December 10, 2012

Any post-mortem on the failure of the U.S. Senate to ratify the Convention on the Rights of Persons with Disabilities on December 4 will point to the efforts of people like Rick Santorum to keep enough Senators from voting in favor of the treaty to miss the requirement for two-thirds approval.

Santorum expressed several concerns with the treaty language, including a clause protecting the “best interests of the child.” Before the vote, Santorum wrote a column headlined “This Treaty Crushes U.S. Sovereignty” in which he raised what he saw as the potential impact of the treaty on his daughter: “In the case of our 4-year-old daughter, Bella, who has Trisomy 18, a condition that the medical literature says is ‘incompatible with life,’ would her ‘best interest’ be that she be allowed to die? Some would undoubtedly say so.”

Santorum was not alone in opposing the CRPD on grounds of threatened sovereignty. The Home School Legal Defense Association argues that ratifying the treaty will allow the United Nations to determine the number of handicapped spaces required for parking at one’s church. Others claim that the treaty requires mandatory monitoring of children with disabilities and will “force America to sanction sterilization or abortion for the disabled – at taxpayer expense.”

Opponents had a clear and united message: the CRPD “poses a threat” to U.S. sovereignty. They portrayed themselves as protecting the U.S. from walking through the door of the international human rights treaty system and its concomitant obligations. The problem with that line of argument is that the U.S. already walked through that door 20 years ago, when the Senate ratified the International Covenant on Civil and Political Rights (ICCPR), a core international human rights treaty.

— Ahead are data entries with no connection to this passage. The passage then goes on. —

lemma pow_two_power_mult_involution:
  assumes "a \<in> carrier G" "x \<in> carrier G" "a [^] ((2::nat) ^ e) = \<one>" "x \<otimes> x = \<one>"
  shows "(a \<otimes> x) [^] ((2::nat) ^ Suc e) = \<one>"
proof -
  have "a [^] ((2::nat) ^ Suc e) = (a [^] ((2::nat) ^ e)) [^] (2::nat)"
    using assms(1) by (simp add: nat_pow_pow mult.commute)
  moreover have "x [^] ((2::nat) ^ Suc e) = (x [^] (2::nat)) [^] ((2::nat) ^ e)"
    using assms(2) by (simp add: nat_pow_pow)
  moreover have "x [^] (2::nat) = x \<otimes> x"
    using assms(2) by (simp add: numeral_2_eq_2)
  ultimately show ?thesis
    using assms by (simp add: nat_pow_distrib)
qed

lemma sylow_subgroup_subset:
  assumes "Factorial_Ring.prime (p::nat)" "finite (carrier G)" "subgroup H G"
    and "sylow_subgroup G p (carrier G) P" "sylow_subgroup G p H Q"
  shows "Q \<subseteq> P"
proof
  fix h
  assume "h \<in> Q"
  have Q: "subgroup Q G" "card Q = p ^ multiplicity p (card H)"
    using assms(5) by (auto simp: sylow_subgroup_def)
  then have "h [^] (p ^ multiplicity p (card H)) = \<one>"
    using pow_card_subgroup_eq_one[OF Q(1) \<open>h \<in> Q\<close>] by simp
  then show "h \<in> P"
    using sylow_subgroup_mem[OF assms(1) subgroup_self assms(2,4)]
      subgroup.mem_carrier[OF Q(1) \<open>h \<in> Q\<close>] by blast
qed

Two years later the U.S. ratified the Convention against Torture and Other Cruel, Inhuman or Degrading Treatment or Punishment, and the International Convention on the Elimination of All Forms of Racial Discrimination. The U.S. has been reporting on its human rights records to these UN committees for almost two decades. There is nothing new (or frightening) about it.

So opponents of the CRPD actually have 20 years of history to show how the US, bound to these and other human rights treaties, has been “crushed” by the treaty obligations. But the record shows there’s no truth to the claim.

The truth is much more mundane.

As a party to the ICCPR, every five years or so, the United States must report to the U.S. Human Rights Committee on its compliance with the treaty. The Committee looks at this official report, and at reports from nongovernmental organizations like Human Rights Watch, and then makes “concluding observations,” authoritative interpretations of the state’s obligations under the treaty. The process is no secret: you can see the 2006 US submission, as well as the Committee’s observations, here.

The Committee’s concluding observations can be specific (such as “The [United States] should ensure that any revision of the Army Field Manual only provides for interrogation techniques in conformity with the international understanding of the scope of the prohibition contained in article 7 of the Covenant”) or more general (such as “The [United States] should continue and intensify its efforts to put an end to racial profiling used by federal as well as state law enforcement officials” followed by a data request).

The U.S. then responds to these observations, sometimes documenting progress toward meeting the recommendations – many times, unfortunately, politely brushing them off. And then the process begins anew.

Ratification of the CRPD would result in a similar process.

When it ratified the ICCPR, as well as the other core human rights treaties, the United States made a declaration that its provisions are not judicially enforceable without implementing legislation. The US Supreme Court also said as much four years ago in Medellin v. Texas. So it is up to the executive powers of the president, congressional lawmaking, and state governments to see that US international legal obligations are met. Too frequently, sadly, they are not.

But international human rights treaties are valuable in other ways, through their symbolism and persuasive power. Currently 166 other countries are parties to the ICCPR. Members of this and other treaties, including the treaties against torture and against racism, must put their human rights record down on paper and present that record to the community of nations. And they must be prepared for the criticism of civil society and international experts.

One might hope that by ratifying the CRPD American policymakers would see the value in putting their record on protecting the rights of people with disabilities on paper. The U.S. has much to be proud of in that regard, having enacted the Americans with Disabilities Act in 1990, the first major national legislation in the world addressing discrimination against persons with disabilities. One might also hope that by ratifying the CRPD, American policymakers would be driven to adopt other measures and pass laws that would further protect people with disabilities, taking the advice of the experts and civil society who play a role in making states aware of their obligations under the treaty.

When the Senate returns to this treaty in the new Congress, it should approach arguments against ratification with caution. The U.S. is already committed to protecting human rights through its ratification of important human rights treaties. Opponents to CRPD missed that boat many years ago.

Ginatta is the U.S. advocacy director at Human Rights Watch.